The technical ambition pays dividends here, but – as with Demeo – also exposes some of the hardware’s limitations. While Meta’s Scene APIs allow developers to treat real 3D space as level geometry, this isn’t entirely an automated process from your perspective as player. You must set up your room manually, drawing out bounding boxes for every piece of furniture. Push aside a sofa for a VR session and you will need to repeat this process; play in a different room and you’ll need to start over entirely, which overwrites the original, since only one room can be stored at a time. Tapping into one of Espire 2’s headline features – multi-room MR to allow missions that let you traverse a base the size of your entire home – requires unlocking the device’s developer mode and taking advantage of various workarounds.

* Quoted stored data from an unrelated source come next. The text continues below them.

lemma chain_member_trace_compatible_cover:
  assumes X: "compact_space X" "Hausdorff_space X"
    and \<C>: "\<C> \<noteq> {}" "\<And>K. K \<in> \<C> \<Longrightarrow> closedin X K" "chain\<^sub>\<subseteq> \<C>"
    and F: "closedin X F" "F \<subseteq> \<Inter>\<C>" and U: "ocover X (\<Inter>\<C>) U"
  obtains K U' q where "K \<in> \<C>" "ocover X K U'" "trace_compatible F U' U q"
proof -
  let ?\<W> = "trace_canonical U F"
  have \<W>: "finite ?\<W>" "\<And>W. W \<in> ?\<W> \<Longrightarrow> openin (subtopology X (\<Inter>\<C>)) W" "\<Inter>\<C> \<subseteq> \<Union>?\<W>"
    using U openin_trace_canonical[OF U F(1)] trace_canonical_covers[of U F]
    by (auto simp: ocover_def finite_trace_canonical)
  obtain K S where "K \<in> \<C>" and S: "\<And>W. openin X (S W)"
    "\<And>W. W \<in> ?\<W> \<Longrightarrow> S W \<inter> \<Inter>\<C> \<subseteq> W" and "K \<subseteq> (\<Union>W\<in>?\<W>. S W)"
    and nerve: "\<And>\<S>. \<S> \<subseteq> ?\<W> \<Longrightarrow> \<S> \<noteq> {} \<Longrightarrow> K \<inter> (\<Inter>W\<in>\<S>. S W) \<noteq> {} \<Longrightarrow> \<Inter>\<S> \<noteq> {}"
    using chain_member_nerve_cover[OF X \<C> \<W>] by blast
  define \<iota> where "\<iota> W = (if W \<in> U then W else SOME W'. W' \<in> U \<and> W \<subseteq> W')" for W
  have \<iota>: "\<iota> W \<in> U \<and> W \<subseteq> \<iota> W" if "W \<in> ?\<W>" for W
    using trace_canonical_refines[OF that] someI_ex[of "\<lambda>W'. W' \<in> U \<and> W \<subseteq> W'"]
    by (auto simp: \<iota>_def)
  define U' where "U' = (\<lambda>W. S W \<inter> K) ` ?\<W>"
  define \<sigma> where "\<sigma> Y = (SOME W. W \<in> ?\<W> \<and> Y = S W \<inter> K)" for Y
  have \<sigma>: "\<sigma> Y \<in> ?\<W> \<and> Y = S (\<sigma> Y) \<inter> K" if "Y \<in> U'" for Y
    using that someI_ex[of "\<lambda>W. W \<in> ?\<W> \<and> Y = S W \<inter> K"] by (auto simp: U'_def \<sigma>_def)
  show thesis
  proof
    show "K \<in> \<C>"
      by fact
    show "ocover X K U'"
      unfolding ocover_def U'_def using \<W>(1) S(1) \<open>K \<subseteq> (\<Union>W\<in>?\<W>. S W)\<close>
      by (auto intro: openin_subtopology_Int)
    show "trace_compatible F U' U (\<iota> \<circ> \<sigma>)"
      unfolding trace_compatible_def
    proof (intro conjI ballI impI)
      show "(\<iota> \<circ> \<sigma>) Y \<in> U" if "Y \<in> U'" for Y
        using \<sigma>[OF that] \<iota> by simp
      show "simplicial U' U (\<iota> \<circ> \<sigma>)"
        using \<sigma> \<iota> nerve by (rule simplicial_shrunk_cover)
      fix Y assume Y: "Y \<in> U'" "Y \<inter> F \<noteq> {}"
      have W: "\<sigma> Y \<in> ?\<W>" "Y = S (\<sigma> Y) \<inter> K"
        using \<sigma>[OF Y(1)] by auto
      then have "Y \<inter> F \<subseteq> \<sigma> Y"
        using S(2)[of "\<sigma> Y"] F(2) by blast
      moreover from this have "\<sigma> Y \<inter> F \<noteq> {}"
        using Y(2) by blast
      then have "\<iota> (\<sigma> Y) = \<sigma> Y" "trace_rep U F (\<sigma> Y \<inter> F) = \<sigma> Y"
        using trace_canonical_meets[OF W(1)] by (auto simp: \<iota>_def)
      ultimately show "Y \<inter> F \<subseteq> (\<iota> \<circ> \<sigma>) Y" "trace_rep U F ((\<iota> \<circ> \<sigma>) Y \<inter> F) = (\<iota> \<circ> \<sigma>) Y"
        by simp_all
    qed
  qed
qed

lemma incl_vanishes_Inter_chain:
  fixes \<gamma> :: "'a set set \<Rightarrow> ('a set list \<Rightarrow> 'g::ab_group_add) set"
  assumes X: "compact_space X" "Hausdorff_space X"
    and F: "closedin X F" and \<gamma>: "\<gamma> \<in> cech X F k"
    and \<C>: "\<C> \<noteq> {}" "chain\<^sub>\<subseteq> \<C>"
    and vanishes: "\<And>K. K \<in> \<C> \<Longrightarrow> closedin X K \<and> F \<subseteq> K \<and> incl X F K k \<gamma> = czero X K k"
  shows "incl X F (\<Inter>\<C>) k \<gamma> = czero X (\<Inter>\<C>) k"
proof
  fix U
  show "incl X F (\<Inter>\<C>) k \<gamma> U = czero X (\<Inter>\<C>) k U"
  proof (cases "ocover X (\<Inter>\<C>) U")
    case False
    then show ?thesis
      by (simp add: incl_def czero_def)
  next
    case True
    have closed: "\<And>K. K \<in> \<C> \<Longrightarrow> closedin X K" and "F \<subseteq> \<Inter>\<C>"
      using vanishes by auto
    have "\<exists>K U' q. K \<in> \<C> \<and> ocover X K U' \<and> trace_compatible F U' U q"
      by (rule chain_member_trace_compatible_cover[OF X \<C>(1) closed \<C>(2) F \<open>F \<subseteq> \<Inter>\<C>\<close> True])
        blast+
    then obtain K U' q where K: "K \<in> \<C>" and U': "ocover X K U'" and q: "trace_compatible F U' U q"
      by blast
    have "F \<subseteq> K" "incl X F K k \<gamma> U' = czero X K k U'"
      using vanishes[OF K] by auto
    then show ?thesis
      by (intro incl_vanishes_transfer[OF \<gamma> U' _ True \<open>F \<subseteq> \<Inter>\<C>\<close> q])
  qed
qed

As a launchpad for Meta’s MR vision, then, Quest 3 falls a little short. Of course, that’s the nature of any nascent technology: it’s normally the second or third iteration that nails it, provided the dream makes it that far. This will depend on consumer adoption along with Meta’s will to keep pushing MR as a selling point, but also on developers’ continued interest in pursuing it. How do they feel about their position right now?
For Clockstone, which dabbled in VR back in the HTC Vive days before deciding “the market was not ready yet, and we would not follow that road any more,” the jury is still out. “There are two parties in the team,” Hilke says. “Some really do not want to do another VR game; others think it would be cool to continue here.” Digital Lode, however, has long been entrenched in the XR space – and as far as Wentworth-Bell is concerned, MR is just another “Wild West frontier” for the studio to explore: “Working on Espire’s MR mode, the process felt invigorating, like VR did ten years ago. Everything was fresh, no rules were established, and nobody knew exactly what’s fun yet – until you try it.”
Digital Lode is keen to apply everything it has learned during this process, Wentworth-Bell tells us: “We actually prototyped seven new MR experiences throughout 2023. There are three in particular at various stages of preproduction and prototype phases. It’s been a very tough year for the games industry – with luck, we will develop one of these MR experiences into a full product.” It’s likely to remain a side feature, he acknowledges, since relying exclusively on MR risks condemning developers to a niche of a niche. But Wentworth-Bell clearly believes that there’s room left to be explored here. Perhaps he could be the one to take Carmack up on that wager.